Чем высшее начало проще, менее мистично и менее односторонне, чем оно реальнее и прилагаемее, тем полнее она сводит термины противоречащие на их наименьшее выражение.
Безусловный, «перехватывающий» дух Гегеля заменен у Прудона грозною идеей Справедливости.
Но и ею вряд ли разрешатся вопросы страстей. Страсть сама по себе несправедлива. Справедливость отвлекается от личностей, она междулична – страсть только индивидуальна.
Тут выход не в суде, а в человеческом развитии личностей, в выводе их из лирической замкнутости на белый свет, в развитии общих интересов.

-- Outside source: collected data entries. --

(* Let $X$ be a discrete random variable with alphabet $\mathcal{X}$ and law $p_X$, let $f:\mathcal{X}\to\mathcal{Y}$ be a deterministic function (the encoder), and let $Y=f(X)$ (the bitstream). Let $\hat{X}=g(Y)$ be a reconstruction produced by a (possibly stochastic) decoder $g$ such that, conditionally on $Y$, $\hat{X}$ is distributed according to the posterior $p_{X|Y}$, i.e. for every $y$ with $p_Y(Y=y)\neq 0$, $\hat{X}$ given $Y=y$ has law $p_{X|Y}(\cdot\mid Y=y)$. Then $f(\hat{X})=Y$ almost surely.
   Context: Such a codec (deterministic encoder, decoder sampling from the posterior of the source given the code) is called a conditional generative model-based image codec. A codec is called idempotent if re-encoding the reconstruction gives back the same code, i.e. $f(\hat{X})=Y$. *)

theory Defs
  imports "HOL-Probability.Probability"
begin

definition code_law :: "'a pmf \<Rightarrow> ('a \<Rightarrow> 'b) \<Rightarrow> 'b pmf" where
  "code_law p f = map_pmf f p"

text \<open>Posterior law of X given Y = y (meaningful when P(Y = y) is nonzero).\<close>
definition posterior :: "'a pmf \<Rightarrow> ('a \<Rightarrow> 'b) \<Rightarrow> 'b \<Rightarrow> 'a pmf" where
  "posterior p f y = cond_pmf p (f -` {y})"

definition code_recon_law :: "'a pmf \<Rightarrow> ('a \<Rightarrow> 'b) \<Rightarrow> ('b \<Rightarrow> 'a pmf) \<Rightarrow> ('b \<times> 'a) pmf" where
  "code_recon_law p f g = bind_pmf (code_law p f) (\<lambda>y. map_pmf (\<lambda>xh. (y, xh)) (g y))"

end

theory Submission
  imports Defs
begin

text \<open>The decoder only ever sees codes y that occur with positive probability, and for those
  it samples from the posterior, whose support is the fibre of f over y; hence every
  reconstruction is re-encoded to y.\<close>

lemma set_pmf_code_law: "set_pmf (code_law p f) = f ` set_pmf p"
  by (simp add: code_law_def)

lemma set_pmf_posterior:
  assumes "y \<in> set_pmf (code_law p f)"
  shows "set_pmf (posterior p f y) = set_pmf p \<inter> f -` {y}"
proof -
  have "set_pmf p \<inter> f -` {y} \<noteq> {}"
    using assms by (auto simp: set_pmf_code_law)
  then show ?thesis
    by (simp add: posterior_def set_cond_pmf)
qed

lemma set_pmf_code_recon_law:
  "set_pmf (code_recon_law p f g) = (SIGMA y:set_pmf (code_law p f). set_pmf (g y))"
  by (auto simp: code_recon_law_def)

theorem theorem1:
  fixes p :: "'a pmf" and f :: "'a \<Rightarrow> 'b" and g :: "'b \<Rightarrow> 'a pmf"
  assumes "\<And>y. pmf (code_law p f) y \<noteq> 0 \<Longrightarrow> g y = posterior p f y"
  shows "AE (y, xh) in measure_pmf (code_recon_law p f g). f xh = y"
proof (rule AE_pmfI, clarify)
  fix y xh
  assume "(y, xh) \<in> set_pmf (code_recon_law p f g)"
  then have y: "y \<in> set_pmf (code_law p f)" and xh: "xh \<in> set_pmf (g y)"
    by (auto simp: set_pmf_code_recon_law)
  have "g y = posterior p f y"
    using assms y by (simp add: set_pmf_iff)
  with xh y show "f xh = y"
    by (simp add: set_pmf_posterior)
qed

end
lemma not_bi_orderable_knot_8_10:
  "\<not> bi_orderable (knot_quandle_carrier knot_8_10) (knot_quandle_op knot_8_10)"
proof (rule not_bi_orderable_knot_quandle[where i = 0 and j = 1 and m = 3
      and c = "nth [0, 1, 0, 2, 1, 0, 2, 0]"])
  fix r assume r: "bi_ordered_ranking (crossing_relations knot_8_10) r"
  have "lies_between (r 1) (r 3) (r 0)" "lies_between (r 5) (r 0) (r 7)"
    "lies_between (r 1) (r 7) (r 6)" "lies_between (r 2) (r 6) (r 1)"
    by (rule bi_ordered_ranking_between[OF r]; simp add: knot_8_10_def crossing_relations_def)+
  moreover have "r 3 < r 2 \<longrightarrow> r 0 < r 6" "r 2 < r 3 \<longrightarrow> r 6 < r 0"
    by (rule bi_ordered_ranking_left_mono[OF r, where p = 4];
        simp add: knot_8_10_def crossing_relations_def)+
  moreover have "r 5 < r 6 \<longrightarrow> r 2 < r 1" "r 6 < r 5 \<longrightarrow> r 1 < r 2"
    by (rule bi_ordered_ranking_left_mono[OF r, where p = 7];
        simp add: knot_8_10_def crossing_relations_def)+
  ultimately show "r 0 = r 1"
    by (smt (z3) lies_between_def)
qed (simp_all add: knot_8_10_def wf_diagram_def fox_colouring_def cong_def)

lemma not_bi_orderable_knot_8_16:
  "\<not> bi_orderable (knot_quandle_carrier knot_8_16) (knot_quandle_op knot_8_16)"
proof (rule not_bi_orderable_knot_quandle[where i = 0 and j = 1 and m = 5
      and c = "nth [0, 1, 2, 4, 3, 0, 4, 0]"])
  fix r assume r: "bi_ordered_ranking (crossing_relations knot_8_16) r"
  have "lies_between (r 2) (r 6) (r 4)" "lies_between (r 1) (r 6) (r 5)"
    "lies_between (r 5) (r 0) (r 7)" "lies_between (r 2) (r 7) (r 1)"
    by (rule bi_ordered_ranking_between[OF r]; simp add: knot_8_16_def crossing_relations_def)+
  moreover have "r 0 < r 2 \<longrightarrow> r 1 < r 5" "r 2 < r 0 \<longrightarrow> r 5 < r 1"
    by (rule bi_ordered_ranking_left_mono[OF r, where p = 3];
        simp add: knot_8_16_def crossing_relations_def)+
  moreover have "r 6 < r 1 \<longrightarrow> r 4 < r 2" "r 1 < r 6 \<longrightarrow> r 2 < r 4"
    by (rule bi_ordered_ranking_left_mono[OF r, where p = 7];
        simp add: knot_8_16_def crossing_relations_def)+
  ultimately show "r 0 = r 1"
    by (smt (z3) lies_between_def)
qed (simp_all add: knot_8_16_def wf_diagram_def fox_colouring_def cong_def)

theorem mainTheorem1:
  shows "\<forall>D \<in> {knot_6_3, knot_8_7, knot_8_8, knot_8_10, knot_8_16}.
           \<not> bi_orderable (knot_quandle_carrier D) (knot_quandle_op D)"
  using not_bi_orderable_knot_6_3 not_bi_orderable_knot_8_7 not_bi_orderable_knot_8_8
    not_bi_orderable_knot_8_10 not_bi_orderable_knot_8_16
  by blast

end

Радикально уничтожить ревность значит уничтожить любовь к лицу, заменяя ее любовью к женщине или к мужчине, вообще – любовью к полу. Но именно только личное, индивидуальное и нравится, оно-то и дает колорит, tonus, страстность всей нашей жизни. Наш лиризм – личный, наше счастье и несчастье – личное счастье и несчастье. Доктринаризм со всей своей логикой так же мало утешает в личном горе, как и римские консоляции[271] с своей риторикой. Ни слез о потере, ни слез ревности вытереть нельзя и не должно, но можно и должно достигнуть, чтоб они лились человечески… и чтоб в них равно не было ни монашеского яда, ни дикости зверя, ни вопля уязвленного собственника[272].
II
Свести отношения мужчины и женщины на случайную половую встречу так же невозможно, как поднять и свинтить их до гробовой доски в неразрывном браке. И то и другое может встретиться на закраинах половых и брачных отношений как частный случай, как исключение, но не как общее правило. Половое отношение перервется или будет постоянно стремиться к более тесному и прочному соединению, так, как нерасторгаемый брак – к освобождению от внешней цепи.
Люди постоянно протестовали против обеих крайностей. Нерасторгаемый брак был принимаем ими лицемерно или сгоряча. Случайная близость никогда не имела полной инвеституры, ее всегда скрывали, так, как хвастались браком. Все попытки официальной регламентации публичных домов, несмотря на то, что они имеют в виду их стеснение, оскорбляют общественный, нравственный смысл. Он в устройстве видит признание. Проект, сделанный одним господином в Париже, во время Директории, о заведении привилегированных публичных домов с своей иерархией и пр., был даже в те времена принят свистом и пал под громом смеха и пренебрежения.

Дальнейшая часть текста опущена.